Caching is one of key items that is being discussed whenever we talk about the performance of a web application. We always to use caching as a primary tool while designing and development of a web application. ASP.NET itself supports different kind of caching for handling various scenarios. Although we talk about it a lot, but I have seen that it is not implemented properly at most of the applications
I’ll not talk about it in detail about Caching in this post. Although I wrote an article on this topic in detail on www.codeproject.com long back, you can refer it for getting more information
State management and ways to handle Cache in a Web Farm/Web Garden scenario
Note : As this post was written long back (Apr 2011) some of part of could be old and may not be relevant in the current scenarios.
Let’s comeback to the topic. There are different ways to implement caching and one of the caching technique is called Output caching. But let’s understand that what is output caching?
Output caching is a way to cache a specific page or some part of the page and whenever a request comes for that specific page, if that is available in output cache, it gets delivered from there.

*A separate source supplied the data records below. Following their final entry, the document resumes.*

lemma area_tail_lower_bound:
  fixes x lam :: real and N :: nat
  defines "z \<equiv> sqrt (2 * a * x)"
  defines "K \<equiv> nat \<lfloor>z / a\<rfloor>" and "F \<equiv> Fbar M X (z + lam)"
  assumes x: "x \<ge> 0" and lam: "lam > 0" and K: "K * sigma2 \<le> lam\<^sup>2"
  shows "F * (1 - K * sigma2 / lam\<^sup>2) * ((\<Sum>n<N. prob {\<omega>\<in>space M. enat n < tau X \<omega>}) - real N ^ 2 * F)
    \<le> prob {\<omega>\<in>space M. x < A_tau X \<omega>}"
proof -
  let ?E = "\<lambda>n. big_jump n (z + lam) lam K"
  let ?p = "\<lambda>n. prob {\<omega>\<in>space M. enat n < tau X \<omega>}"
  define \<delta> where "\<delta> = K * sigma2 / lam\<^sup>2"
  have F: "0 \<le> F" and \<delta>: "0 \<le> 1 - \<delta>"
    using K lam by (simp_all add: F_def Fbar_def \<delta>_def)
  have "(\<Sum>n<N. real n * F) \<le> real N ^ 2 * F"
    using sum_mono[of "{..<N}" "\<lambda>n. real n * F" "\<lambda>_. real N * F"] F
    by (simp add: power2_eq_square mult_right_mono)
  then have "F * (1 - \<delta>) * ((\<Sum>n<N. ?p n) - real N ^ 2 * F) \<le> F * (1 - \<delta>) * (\<Sum>n<N. ?p n - n * F)"
    using F \<delta> by (intro mult_left_mono) (auto simp: sum_subtractf)
  also have "\<dots> = (\<Sum>n<N. (?p n - n * F) * (F * (1 - \<delta>)))"
    by (simp add: sum_distrib_left mult_ac)
  also have "\<dots> \<le> (\<Sum>n<N. prob (?E n))"
    unfolding F_def \<delta>_def using lam K by (intro sum_mono prob_big_jump_ge)
  also have "\<dots> = prob (\<Union>n<N. ?E n)"
    using big_jump_disjoint
    by (intro measure_finite_Union[symmetric]) (auto simp: emeasure_finite intro: disjoint_family_on_mono)
  also have "\<dots> \<le> prob {\<omega>\<in>space M. z\<^sup>2 / (2 * a) < A_tau X \<omega>}"
    unfolding K_def using lam x a_pos by (intro prob_Union_big_jump_le) (simp_all add: z_def)
  also have "z\<^sup>2 / (2 * a) = x"
    using x a_pos by (simp add: z_def)
  finally show ?thesis
    unfolding \<delta>_def .
qed

lemma Fbar_le_second_moment: "y > 0 \<Longrightarrow> Fbar M X y \<le> (\<integral>\<omega>. (X 1 \<omega>)\<^sup>2 \<partial>M) / y\<^sup>2"
proof -
  assume y: "y > 0"
  have "Fbar M X y \<le> prob {\<omega>\<in>space M. y\<^sup>2 \<le> (X 1 \<omega>)\<^sup>2}"
    unfolding Fbar_def using y by (intro finite_measure_mono) (auto intro!: power_mono)
  also have "\<dots> \<le> (\<integral>\<omega>. (X 1 \<omega>)\<^sup>2 \<partial>M) / y\<^sup>2"
    using y by (intro integral_Markov_inequality_measure[OF X_square_integrable]) auto
  finally show ?thesis .
qed

lemma tendsto_kolmogorov_bound:
  assumes "\<epsilon> > 0"
  shows "((\<lambda>x. real (nat \<lfloor>sqrt (2 * a * x) / a\<rfloor>) * sigma2 / (x powr (1/4 + \<epsilon>))\<^sup>2) \<longlongrightarrow> 0) at_top"
proof (rule tendsto_sandwich)
  show "\<forall>\<^sub>F x in at_top. 0 \<le> real (nat \<lfloor>sqrt (2 * a * x) / a\<rfloor>) * sigma2 / (x powr (1/4 + \<epsilon>))\<^sup>2"
    using sigma2_nonneg by simp
  show "\<forall>\<^sub>F x in at_top. real (nat \<lfloor>sqrt (2 * a * x) / a\<rfloor>) * sigma2 / (x powr (1/4 + \<epsilon>))\<^sup>2
      \<le> sigma2 * (sqrt (2 * a) / a) * x powr (- (2 * \<epsilon>))"
    using eventually_gt_at_top[of 0]
  proof eventually_elim
    case (elim x)
    have "real (nat \<lfloor>sqrt (2 * a * x) / a\<rfloor>) \<le> sqrt (2 * a * x) / a"
      using a_pos elim by (simp add: of_nat_nat)
    then have "real (nat \<lfloor>sqrt (2 * a * x) / a\<rfloor>) * sigma2 / (x powr (1/4 + \<epsilon>))\<^sup>2
        \<le> sqrt (2 * a * x) / a * sigma2 / (x powr (1/4 + \<epsilon>))\<^sup>2"
      using sigma2_nonneg by (intro divide_right_mono mult_right_mono) auto
    also have "\<dots> = sigma2 * (sqrt (2 * a) / a) * (x powr (1/2) / x powr (1/2 + 2 * \<epsilon>))"
      using elim a_pos
      by (simp add: real_sqrt_mult powr_half_sqrt powr_powr[symmetric] power2_eq_square
          powr_add[symmetric])
    also have "x powr (1/2) / x powr (1/2 + 2 * \<epsilon>) = x powr (- (2 * \<epsilon>))"
      by (simp add: powr_diff[symmetric])
    finally show ?case .
  qed
  have "((\<lambda>x. x powr (- (2 * \<epsilon>))) \<longlongrightarrow> 0) at_top"
    using assms by (intro tendsto_neg_powr filterlim_ident) auto
  from tendsto_mult_left[OF this, of "sigma2 * (sqrt (2 * a) / a)"]
  show "((\<lambda>x. sigma2 * (sqrt (2 * a) / a) * x powr (- (2 * \<epsilon>))) \<longlongrightarrow> 0) at_top"
    by simp
qed simp

lemma tendsto_Fbar_shifted:
  assumes "\<epsilon> > 0"
  shows "((\<lambda>x. Fbar M X (sqrt (2 * a * x) + x powr (1/4 + \<epsilon>))) \<longlongrightarrow> 0) at_top"
proof (rule tendsto_sandwich)
  define m2 where "m2 = (\<integral>\<omega>. (X 1 \<omega>)\<^sup>2 \<partial>M)"
  show "\<forall>\<^sub>F x in at_top. 0 \<le> Fbar M X (sqrt (2 * a * x) + x powr (1/4 + \<epsilon>))"
    by (simp add: Fbar_def)
  show "\<forall>\<^sub>F x in at_top. Fbar M X (sqrt (2 * a * x) + x powr (1/4 + \<epsilon>)) \<le> m2 * x powr (- (1/2 + 2 * \<epsilon>))"
    using eventually_gt_at_top[of 0]
  proof eventually_elim
    case (elim x)
    let ?lam = "x powr (1/4 + \<epsilon>)"
    have lam: "0 < ?lam" "?lam \<le> sqrt (2 * a * x) + ?lam"
      using elim a_pos by simp_all
    then have y: "0 < sqrt (2 * a * x) + ?lam"
      by linarith
    have "Fbar M X (sqrt (2 * a * x) + ?lam) \<le> m2 / (sqrt (2 * a * x) + ?lam)\<^sup>2"
      unfolding m2_def using y by (rule Fbar_le_second_moment)
    also have "\<dots> \<le> m2 / ?lam\<^sup>2"
    proof (rule divide_left_mono)
      show "?lam\<^sup>2 \<le> (sqrt (2 * a * x) + ?lam)\<^sup>2"
        using lam by (intro power_mono) auto
      show "0 < (sqrt (2 * a * x) + ?lam)\<^sup>2 * ?lam\<^sup>2"
        by (intro mult_pos_pos zero_less_power y lam(1))
    qed (simp add: m2_def)
    also have "?lam\<^sup>2 = x powr (1/2 + 2 * \<epsilon>)"
      using elim by (simp add: powr_powr[symmetric] power2_eq_square powr_add[symmetric])
    also have "m2 / x powr (1/2 + 2 * \<epsilon>) = m2 * x powr (- (1/2 + 2 * \<epsilon>))"
      by (simp only: powr_minus divide_inverse)
    finally show ?case .
  qed
  have "((\<lambda>x. x powr (- (1/2 + 2 * \<epsilon>))) \<longlongrightarrow> 0) at_top"
    using assms by (intro tendsto_neg_powr filterlim_ident) auto
  from tendsto_mult_left[OF this, of m2]
  show "((\<lambda>x. m2 * x powr (- (1/2 + 2 * \<epsilon>))) \<longlongrightarrow> 0) at_top"
    by simp
qed simp

theorem area_tail_asymptotic:
  assumes \<epsilon>: "\<epsilon> > 0" and c: "ennreal c < (\<integral>\<^sup>+\<omega>. ennreal_of_enat (tau X \<omega>) \<partial>M)"
  shows "\<forall>\<^sub>F x in at_top. c * Fbar M X (sqrt (2 * a * x) + x powr (1/4 + \<epsilon>))
    \<le> prob {\<omega>\<in>space M. x < A_tau X \<omega>}"
proof (cases "c \<le> 0")
  case True
  then show ?thesis
    by (intro always_eventually allI order.trans[OF mult_nonpos_nonneg]) (auto simp: Fbar_def)
next
  case False
  define p where "p n = prob {\<omega>\<in>space M. enat n < tau X \<omega>}" for n
  have "ennreal c < (SUP N. \<Sum>n<N. ennreal (p n))"
    using c unfolding nn_integral_tau p_def by (simp add: suminf_eq_SUP)
  then obtain N where "ennreal c < (\<Sum>n<N. ennreal (p n))"
    by (auto simp: less_SUP_iff)
  then have c_lt: "c < (\<Sum>n<N. p n)"
    using False by (simp add: p_def ennreal_less_iff)
  define \<delta> where "\<delta> x = real (nat \<lfloor>sqrt (2 * a * x) / a\<rfloor>) * sigma2 / (x powr (1/4 + \<epsilon>))\<^sup>2" for x
  define F where "F x = Fbar M X (sqrt (2 * a * x) + x powr (1/4 + \<epsilon>))" for x
  have "((\<lambda>x. (1 - \<delta> x) * ((\<Sum>n<N. p n) - real N ^ 2 * F x)) \<longlongrightarrow> (1 - 0) * ((\<Sum>n<N. p n) - real N ^ 2 * 0)) at_top"
    unfolding \<delta>_def F_def using \<epsilon>
    by (intro tendsto_intros tendsto_kolmogorov_bound tendsto_Fbar_shifted)
  then have "\<forall>\<^sub>F x in at_top. c < (1 - \<delta> x) * ((\<Sum>n<N. p n) - real N ^ 2 * F x)"
    using c_lt by (intro order_tendstoD(1)) auto
  moreover have "\<forall>\<^sub>F x in at_top. \<delta> x < 1"
    using order_tendstoD(2)[OF tendsto_kolmogorov_bound[OF \<epsilon>], of 1] unfolding \<delta>_def by simp
  ultimately show ?thesis
    using eventually_gt_at_top[of 0]
  proof eventually_elim
    case (elim x)
    have "c * F x \<le> ((1 - \<delta> x) * ((\<Sum>n<N. p n) - real N ^ 2 * F x)) * F x"
      using elim(1) by (intro mult_right_mono) (auto simp: F_def Fbar_def)
    also have "\<dots> = F x * (1 - \<delta> x) * ((\<Sum>n<N. p n) - real N ^ 2 * F x)"
      by (simp only: mult_ac)
    also have "\<dots> \<le> prob {\<omega>\<in>space M. x < A_tau X \<omega>}"
    proof -
      have lam: "0 < x powr (1/4 + \<epsilon>)"
        using elim by simp
      then have K: "real (nat \<lfloor>sqrt (2 * a * x) / a\<rfloor>) * sigma2 \<le> (x powr (1/4 + \<epsilon>))\<^sup>2"
        using elim(2) by (simp add: \<delta>_def divide_less_eq less_imp_le)
      show ?thesis
        unfolding F_def \<delta>_def p_def by (rule area_tail_lower_bound[OF less_imp_le[OF elim(3)] lam K])
    qed
    finally show ?case
      by (simp add: F_def)
  qed
qed

end

theorem mainTheorem7:
  fixes M :: "'a measure" and X :: "nat \<Rightarrow> 'a \<Rightarrow> real" and a :: real
  assumes "prob_space M"
    and "\<And>i. i \<ge> 1 \<Longrightarrow> X i \<in> borel_measurable M"
    and "prob_space.indep_vars M (\<lambda>_. borel) X {1..}"
    and "\<And>i. i \<ge> 1 \<Longrightarrow> distr M borel (X i) = distr M borel (X 1)"
    and "integrable M (X 1)"
    and "a > 0"
    and "(\<integral>\<omega>. X 1 \<omega> \<partial>M) = - a"
    and "integrable M (\<lambda>\<omega>. (X 1 \<omega>)\<^sup>2)"
  shows "\<forall>\<epsilon>>0. \<exists>C>0. \<forall>c::real. ennreal c < (\<integral>\<^sup>+ \<omega>. ennreal_of_enat (tau X \<omega>) \<partial>M) \<longrightarrow>
           (\<forall>\<^sub>F x in at_top.
              c * Fbar M X (sqrt (2 * a * x) + C * x powr (1/4 + \<epsilon>))
                \<le> measure M {\<omega> \<in> space M. A_tau X \<omega> > x})"
proof -
  interpret iid_walk M X a
  proof (rule iid_walk.intro)
    show "prob_space M"
      by (fact assms)
    show "iid_walk_axioms M X a"
      by (rule iid_walk_axioms.intro) (fact assms)+
  qed
  show ?thesis
  proof (intro allI impI)
    fix \<epsilon> :: real
    assume "\<epsilon> > 0"
    with area_tail_asymptotic show "\<exists>C>0. \<forall>c::real. ennreal c < (\<integral>\<^sup>+ \<omega>. ennreal_of_enat (tau X \<omega>) \<partial>M) \<longrightarrow>
        (\<forall>\<^sub>F x in at_top. c * Fbar M X (sqrt (2 * a * x) + C * x powr (1/4 + \<epsilon>))
           \<le> measure M {\<omega> \<in> space M. A_tau X \<omega> > x})"
      by (intro exI[of _ 1]) simp
  qed
qed

end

IIS 7.X and 8.X provides us capability to enable output cache based on certain criteria. In normal scenario, when a page request comes to IIS, it goes first with IIS Pipeline and then further goes though ASP.NET Pipeline before the request gets served. So if we cache some items at IIS itself, then we can save the whole IIS pipeline and ASP.NET pipeline. So let’s see how to enable that.
Enable output caching at IIS
Step -1 : Go to IIS manager. (Type ‘inetmgr’ at run and press ok)
Step – 2: Select your website (where you want to enable caching) under Sites
Step -3: Go to Features View and click on Output Caching under IIS category.
Step – 4 : Select Add… from right hand pane and it will open the below window
`We need to provide the extension of the file name that we want to cache and select other options.
Here, IIS provides two options to enable caching.
1- Kernel-mode level
2- User-mode caching.
So before making any choices, let’s have a look IIS architecture at Higher level .
HTTP.sys is kernel mode device driver which act as HTTP Listener which listens HTTP and HTTPs requests directly from the network and then pass it to user mode for further processing.
If we cache something at kernel mode then it will be very fast as it picks the request direct from the network and return from here only if it is cached. It will even save the whole IIS and ASP.NET pipeline.
It provides some options while enabling it
1- File Change notifications
2- Provide time interval – Based on the provided time interval cache will be invalidated.
3- No cache
As the features of IIS is not available at kernel-mode so there is some limitation with kernel mode caching like if request needs to be authenticated then caching at kernel level would not work. There are many other cases. For full list please refer here.
User-mode cache
User mode caching is maintained at worker process (w3wp.exe) level so it is more powerful and provide some more options than kernel mode caching.
When we click on advance button it shows the below window
It allows to cache the data based on query-string variable and headers level which is very useful in certain scenarios.
So use this fantastic feature provided by IIS and get it benefited.